lemma Ck_on_cong:
  assumes "open S" "\<And>x. x \<in> S \<Longrightarrow> f x = g x" "Ck_on L f S"
  shows "Ck_on L g S"
  using assms(2,3)
proof (induction L arbitrary: f g)
  case 0
  then show ?case
    using continuous_on_cong by auto
next
  case (Suc L)
  then obtain f' where "\<forall>x\<in>S. (f has_derivative f' x) (at x)" "\<forall>v. Ck_on L (\<lambda>x. f' x v) S"
    by auto
  moreover have "(g has_derivative f' x) (at x)" if "x \<in> S" "(f has_derivative f' x) (at x)" for x
    using has_derivative_transform_within_open[OF that(2) assms(1) that(1)] Suc.prems(1) by simp
  ultimately show ?case
    by auto
qed

lemma Ck_on_const: "Ck_on L (\<lambda>x. c) S"
proof (induction L arbitrary: c)
  case (Suc L)
  have "\<forall>x\<in>S. ((\<lambda>x. c) has_derivative (\<lambda>v. 0)) (at x)"
    by simp
  with Suc.IH show ?case
    by (intro Ck_on.simps(2)[THEN iffD2] exI[of _ "\<lambda>x v. 0"]) auto
qed simp

lemma Ck_on_add:
  "Ck_on L f S \<Longrightarrow> Ck_on L g S \<Longrightarrow> Ck_on L (\<lambda>x. f x + g x) S"
proof (induction L arbitrary: f g)
  case 0
  then show ?case
    by (simp add: continuous_on_add)
next
  case (Suc L)
  obtain f' g' where
    "\<forall>x\<in>S. (f has_derivative f' x) (at x)" "\<forall>v. Ck_on L (\<lambda>x. f' x v) S"
    "\<forall>x\<in>S. (g has_derivative g' x) (at x)" "\<forall>v. Ck_on L (\<lambda>x. g' x v) S"
    using Suc.prems by auto
  then have "\<forall>x\<in>S. ((\<lambda>x. f x + g x) has_derivative (\<lambda>v. f' x v + g' x v)) (at x)"
    by (auto intro: has_derivative_add)
  with Suc.IH \<open>\<forall>v. Ck_on L (\<lambda>x. f' x v) S\<close> \<open>\<forall>v. Ck_on L (\<lambda>x. g' x v) S\<close> show ?case
    by auto
qed

lemma Ck_on_scaleR:
  "Ck_on L a S \<Longrightarrow> Ck_on L f S \<Longrightarrow> Ck_on L (\<lambda>x. a x *\<^sub>R f x) S"
proof (induction L arbitrary: a f)
  case 0
  then show ?case
    by (simp add: continuous_on_scaleR)
next
  case (Suc L)
  obtain a' f' where
    a': "\<forall>x\<in>S. (a has_derivative a' x) (at x)" "\<forall>v. Ck_on L (\<lambda>x. a' x v) S" and
    f': "\<forall>x\<in>S. (f has_derivative f' x) (at x)" "\<forall>v. Ck_on L (\<lambda>x. f' x v) S"
    using Suc.prems by auto
  have "Ck_on L (\<lambda>x. a x *\<^sub>R f' x v + a' x v *\<^sub>R f x) S" for v
    using Suc.IH[OF Ck_on_SucD[OF Suc.prems(1)] f'(2)[rule_format]]
      Suc.IH[OF a'(2)[rule_format] Ck_on_SucD[OF Suc.prems(2)]]
    by (rule Ck_on_add)
  moreover have "\<forall>x\<in>S. ((\<lambda>x. a x *\<^sub>R f x) has_derivative (\<lambda>v. a x *\<^sub>R f' x v + a' x v *\<^sub>R f x)) (at x)"
    using a' f' by (auto intro: has_derivative_scaleR)
  ultimately show ?case
    by auto
qed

+ + + + + + +

**Work required**
Give the count of lines containing the word "obtain" in the listing, and no other text.

**Completed task**
3